*** Provided data ***

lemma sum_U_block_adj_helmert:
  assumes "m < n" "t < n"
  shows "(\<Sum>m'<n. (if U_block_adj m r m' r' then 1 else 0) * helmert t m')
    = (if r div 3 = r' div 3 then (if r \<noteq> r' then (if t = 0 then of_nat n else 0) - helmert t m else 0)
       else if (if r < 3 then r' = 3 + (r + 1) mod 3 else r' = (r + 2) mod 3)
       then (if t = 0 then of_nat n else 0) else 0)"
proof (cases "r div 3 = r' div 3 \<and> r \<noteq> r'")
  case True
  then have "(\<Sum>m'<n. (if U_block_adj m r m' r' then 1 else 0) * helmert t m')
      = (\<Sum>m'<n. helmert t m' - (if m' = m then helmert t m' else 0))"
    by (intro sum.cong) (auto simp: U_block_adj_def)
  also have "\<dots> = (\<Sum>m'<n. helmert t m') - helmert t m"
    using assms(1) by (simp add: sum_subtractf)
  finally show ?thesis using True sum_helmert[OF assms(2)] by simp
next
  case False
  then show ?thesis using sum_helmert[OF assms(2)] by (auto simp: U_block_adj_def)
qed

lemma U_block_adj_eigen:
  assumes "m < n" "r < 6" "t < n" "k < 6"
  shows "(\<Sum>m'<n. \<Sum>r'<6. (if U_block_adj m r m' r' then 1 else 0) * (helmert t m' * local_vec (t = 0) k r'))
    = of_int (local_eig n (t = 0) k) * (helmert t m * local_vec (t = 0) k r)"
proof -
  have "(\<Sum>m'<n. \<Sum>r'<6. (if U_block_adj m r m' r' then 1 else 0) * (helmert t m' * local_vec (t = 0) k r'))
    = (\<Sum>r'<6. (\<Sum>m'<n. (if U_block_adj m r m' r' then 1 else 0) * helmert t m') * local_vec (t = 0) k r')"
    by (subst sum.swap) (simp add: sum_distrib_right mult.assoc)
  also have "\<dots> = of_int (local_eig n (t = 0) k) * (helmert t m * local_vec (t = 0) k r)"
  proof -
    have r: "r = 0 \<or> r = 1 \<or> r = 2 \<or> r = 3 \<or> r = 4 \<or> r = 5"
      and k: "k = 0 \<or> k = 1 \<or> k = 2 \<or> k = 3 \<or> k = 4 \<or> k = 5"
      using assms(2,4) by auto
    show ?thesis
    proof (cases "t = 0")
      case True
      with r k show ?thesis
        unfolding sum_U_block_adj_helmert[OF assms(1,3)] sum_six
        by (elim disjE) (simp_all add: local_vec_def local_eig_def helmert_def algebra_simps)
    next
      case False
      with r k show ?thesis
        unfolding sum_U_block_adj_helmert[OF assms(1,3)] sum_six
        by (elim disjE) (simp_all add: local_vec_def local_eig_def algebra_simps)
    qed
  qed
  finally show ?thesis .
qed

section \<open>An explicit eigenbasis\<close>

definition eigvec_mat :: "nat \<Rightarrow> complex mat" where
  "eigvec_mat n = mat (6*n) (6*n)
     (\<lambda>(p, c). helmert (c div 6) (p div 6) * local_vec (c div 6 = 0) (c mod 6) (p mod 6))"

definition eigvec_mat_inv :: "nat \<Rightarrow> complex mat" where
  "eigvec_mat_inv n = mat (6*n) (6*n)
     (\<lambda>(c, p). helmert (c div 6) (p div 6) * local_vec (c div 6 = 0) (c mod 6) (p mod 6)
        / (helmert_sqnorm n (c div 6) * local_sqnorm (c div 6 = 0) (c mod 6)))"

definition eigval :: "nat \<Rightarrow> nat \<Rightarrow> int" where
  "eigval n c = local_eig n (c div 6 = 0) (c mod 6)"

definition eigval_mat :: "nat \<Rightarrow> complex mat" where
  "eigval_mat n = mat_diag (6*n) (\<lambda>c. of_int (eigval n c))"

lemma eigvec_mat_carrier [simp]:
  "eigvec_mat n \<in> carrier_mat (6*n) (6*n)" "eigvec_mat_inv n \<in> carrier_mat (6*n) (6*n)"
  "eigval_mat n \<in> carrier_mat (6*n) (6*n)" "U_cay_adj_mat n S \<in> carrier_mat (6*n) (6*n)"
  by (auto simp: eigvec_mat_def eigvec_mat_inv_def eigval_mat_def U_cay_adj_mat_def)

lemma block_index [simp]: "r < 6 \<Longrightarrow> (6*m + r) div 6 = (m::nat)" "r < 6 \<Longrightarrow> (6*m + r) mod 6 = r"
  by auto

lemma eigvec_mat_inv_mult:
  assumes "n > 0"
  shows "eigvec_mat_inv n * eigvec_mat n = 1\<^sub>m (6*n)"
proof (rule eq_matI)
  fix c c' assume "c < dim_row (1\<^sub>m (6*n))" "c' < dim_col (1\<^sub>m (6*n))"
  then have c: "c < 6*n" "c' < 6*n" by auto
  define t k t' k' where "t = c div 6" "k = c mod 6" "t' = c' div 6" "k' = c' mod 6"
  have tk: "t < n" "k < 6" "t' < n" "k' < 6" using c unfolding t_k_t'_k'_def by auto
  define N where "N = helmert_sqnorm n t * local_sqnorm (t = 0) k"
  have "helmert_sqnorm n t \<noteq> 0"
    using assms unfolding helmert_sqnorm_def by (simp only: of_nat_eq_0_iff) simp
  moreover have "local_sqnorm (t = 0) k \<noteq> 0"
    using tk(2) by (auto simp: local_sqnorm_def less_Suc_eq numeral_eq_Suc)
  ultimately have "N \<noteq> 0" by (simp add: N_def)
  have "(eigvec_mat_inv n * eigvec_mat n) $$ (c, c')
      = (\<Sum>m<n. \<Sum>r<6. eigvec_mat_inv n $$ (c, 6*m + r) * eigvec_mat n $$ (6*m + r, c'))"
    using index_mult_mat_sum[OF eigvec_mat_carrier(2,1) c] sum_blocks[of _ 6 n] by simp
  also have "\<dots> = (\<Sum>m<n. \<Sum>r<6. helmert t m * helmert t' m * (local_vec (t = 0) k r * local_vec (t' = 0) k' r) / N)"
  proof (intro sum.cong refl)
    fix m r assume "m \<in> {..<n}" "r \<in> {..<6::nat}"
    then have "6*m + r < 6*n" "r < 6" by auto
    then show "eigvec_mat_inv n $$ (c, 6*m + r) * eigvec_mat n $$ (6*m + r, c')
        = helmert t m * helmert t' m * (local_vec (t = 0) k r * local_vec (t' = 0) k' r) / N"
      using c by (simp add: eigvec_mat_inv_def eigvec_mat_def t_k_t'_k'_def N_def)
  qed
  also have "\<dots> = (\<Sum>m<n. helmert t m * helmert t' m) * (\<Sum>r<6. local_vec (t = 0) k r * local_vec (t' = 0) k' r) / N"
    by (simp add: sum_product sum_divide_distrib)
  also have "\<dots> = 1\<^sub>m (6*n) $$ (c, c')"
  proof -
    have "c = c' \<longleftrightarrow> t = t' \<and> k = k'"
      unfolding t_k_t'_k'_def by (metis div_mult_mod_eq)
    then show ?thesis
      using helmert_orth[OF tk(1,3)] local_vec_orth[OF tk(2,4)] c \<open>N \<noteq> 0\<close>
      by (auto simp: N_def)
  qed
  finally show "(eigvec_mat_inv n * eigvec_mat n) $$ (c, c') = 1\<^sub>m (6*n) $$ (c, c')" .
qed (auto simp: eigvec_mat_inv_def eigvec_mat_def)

*** End of Provided data ***

Required action.
Give the complete listing again, exactly as it appears above.

Worked solution.
lemma sum_U_block_adj_helmert:
  assumes "m < n" "t < n"
  shows "(\<Sum>m'<n. (if U_block_adj m r m' r' then 1 else 0) * helmert t m')
    = (if r div 3 = r' div 3 then (if r \<noteq> r' then (if t = 0 then of_nat n else 0) - helmert t m else 0)
       else if (if r < 3 then r' = 3 + (r + 1) mod 3 else r' = (r + 2) mod 3)
       then (if t = 0 then of_nat n else 0) else 0)"
proof (cases "r div 3 = r' div 3 \<and> r \<noteq> r'")
  case True
  then have "(\<Sum>m'<n. (if U_block_adj m r m' r' then 1 else 0) * helmert t m')
      = (\<Sum>m'<n. helmert t m' - (if m' = m then helmert t m' else 0))"
    by (intro sum.cong) (auto simp: U_block_adj_def)
  also have "\<dots> = (\<Sum>m'<n. helmert t m') - helmert t m"
    using assms(1) by (simp add: sum_subtractf)
  finally show ?thesis using True sum_helmert[OF assms(2)] by simp
next
  case False
  then show ?thesis using sum_helmert[OF assms(2)] by (auto simp: U_block_adj_def)
qed

lemma U_block_adj_eigen:
  assumes "m < n" "r < 6" "t < n" "k < 6"
  shows "(\<Sum>m'<n. \<Sum>r'<6. (if U_block_adj m r m' r' then 1 else 0) * (helmert t m' * local_vec (t = 0) k r'))
    = of_int (local_eig n (t = 0) k) * (helmert t m * local_vec (t = 0) k r)"
proof -
  have "(\<Sum>m'<n. \<Sum>r'<6. (if U_block_adj m r m' r' then 1 else 0) * (helmert t m' * local_vec (t = 0) k r'))
    = (\<Sum>r'<6. (\<Sum>m'<n. (if U_block_adj m r m' r' then 1 else 0) * helmert t m') * local_vec (t = 0) k r')"
    by (subst sum.swap) (simp add: sum_distrib_right mult.assoc)
  also have "\<dots> = of_int (local_eig n (t = 0) k) * (helmert t m * local_vec (t = 0) k r)"
  proof -
    have r: "r = 0 \<or> r = 1 \<or> r = 2 \<or> r = 3 \<or> r = 4 \<or> r = 5"
      and k: "k = 0 \<or> k = 1 \<or> k = 2 \<or> k = 3 \<or> k = 4 \<or> k = 5"
      using assms(2,4) by auto
    show ?thesis
    proof (cases "t = 0")
      case True
      with r k show ?thesis
        unfolding sum_U_block_adj_helmert[OF assms(1,3)] sum_six
        by (elim disjE) (simp_all add: local_vec_def local_eig_def helmert_def algebra_simps)
    next
      case False
      with r k show ?thesis
        unfolding sum_U_block_adj_helmert[OF assms(1,3)] sum_six
        by (elim disjE) (simp_all add: local_vec_def local_eig_def algebra_simps)
    qed
  qed
  finally show ?thesis .
qed

section \<open>An explicit eigenbasis\<close>

definition eigvec_mat :: "nat \<Rightarrow> complex mat" where
  "eigvec_mat n = mat (6*n) (6*n)
     (\<lambda>(p, c). helmert (c div 6) (p div 6) * local_vec (c div 6 = 0) (c mod 6) (p mod 6))"

definition eigvec_mat_inv :: "nat \<Rightarrow> complex mat" where
  "eigvec_mat_inv n = mat (6*n) (6*n)
     (\<lambda>(c, p). helmert (c div 6) (p div 6) * local_vec (c div 6 = 0) (c mod 6) (p mod 6)
        / (helmert_sqnorm n (c div 6) * local_sqnorm (c div 6 = 0) (c mod 6)))"

definition eigval :: "nat \<Rightarrow> nat \<Rightarrow> int" where
  "eigval n c = local_eig n (c div 6 = 0) (c mod 6)"

definition eigval_mat :: "nat \<Rightarrow> complex mat" where
  "eigval_mat n = mat_diag (6*n) (\<lambda>c. of_int (eigval n c))"

lemma eigvec_mat_carrier [simp]:
  "eigvec_mat n \<in> carrier_mat (6*n) (6*n)" "eigvec_mat_inv n \<in> carrier_mat (6*n) (6*n)"
  "eigval_mat n \<in> carrier_mat (6*n) (6*n)" "U_cay_adj_mat n S \<in> carrier_mat (6*n) (6*n)"
  by (auto simp: eigvec_mat_def eigvec_mat_inv_def eigval_mat_def U_cay_adj_mat_def)

lemma block_index [simp]: "r < 6 \<Longrightarrow> (6*m + r) div 6 = (m::nat)" "r < 6 \<Longrightarrow> (6*m + r) mod 6 = r"
  by auto

lemma eigvec_mat_inv_mult:
  assumes "n > 0"
  shows "eigvec_mat_inv n * eigvec_mat n = 1\<^sub>m (6*n)"
proof (rule eq_matI)
  fix c c' assume "c < dim_row (1\<^sub>m (6*n))" "c' < dim_col (1\<^sub>m (6*n))"
  then have c: "c < 6*n" "c' < 6*n" by auto
  define t k t' k' where "t = c div 6" "k = c mod 6" "t' = c' div 6" "k' = c' mod 6"
  have tk: "t < n" "k < 6" "t' < n" "k' < 6" using c unfolding t_k_t'_k'_def by auto
  define N where "N = helmert_sqnorm n t * local_sqnorm (t = 0) k"
  have "helmert_sqnorm n t \<noteq> 0"
    using assms unfolding helmert_sqnorm_def by (simp only: of_nat_eq_0_iff) simp
  moreover have "local_sqnorm (t = 0) k \<noteq> 0"
    using tk(2) by (auto simp: local_sqnorm_def less_Suc_eq numeral_eq_Suc)
  ultimately have "N \<noteq> 0" by (simp add: N_def)
  have "(eigvec_mat_inv n * eigvec_mat n) $$ (c, c')
      = (\<Sum>m<n. \<Sum>r<6. eigvec_mat_inv n $$ (c, 6*m + r) * eigvec_mat n $$ (6*m + r, c'))"
    using index_mult_mat_sum[OF eigvec_mat_carrier(2,1) c] sum_blocks[of _ 6 n] by simp
  also have "\<dots> = (\<Sum>m<n. \<Sum>r<6. helmert t m * helmert t' m * (local_vec (t = 0) k r * local_vec (t' = 0) k' r) / N)"
  proof (intro sum.cong refl)
    fix m r assume "m \<in> {..<n}" "r \<in> {..<6::nat}"
    then have "6*m + r < 6*n" "r < 6" by auto
    then show "eigvec_mat_inv n $$ (c, 6*m + r) * eigvec_mat n $$ (6*m + r, c')
        = helmert t m * helmert t' m * (local_vec (t = 0) k r * local_vec (t' = 0) k' r) / N"
      using c by (simp add: eigvec_mat_inv_def eigvec_mat_def t_k_t'_k'_def N_def)
  qed
  also have "\<dots> = (\<Sum>m<n. helmert t m * helmert t' m) * (\<Sum>r<6. local_vec (t = 0) k r * local_vec (t' = 0) k' r) / N"
    by (simp add: sum_product sum_divide_distrib)
  also have "\<dots> = 1\<^sub>m (6*n) $$ (c, c')"
  proof -
    have "c = c' \<longleftrightarrow> t = t' \<and> k = k'"
      unfolding t_k_t'_k'_def by (metis div_mult_mod_eq)
    then show ?thesis
      using helmert_orth[OF tk(1,3)] local_vec_orth[OF tk(2,4)] c \<open>N \<noteq> 0\<close>
      by (auto simp: N_def)
  qed
  finally show "(eigvec_mat_inv n * eigvec_mat n) $$ (c, c') = 1\<^sub>m (6*n) $$ (c, c')" .
qed (auto simp: eigvec_mat_inv_def eigvec_mat_def)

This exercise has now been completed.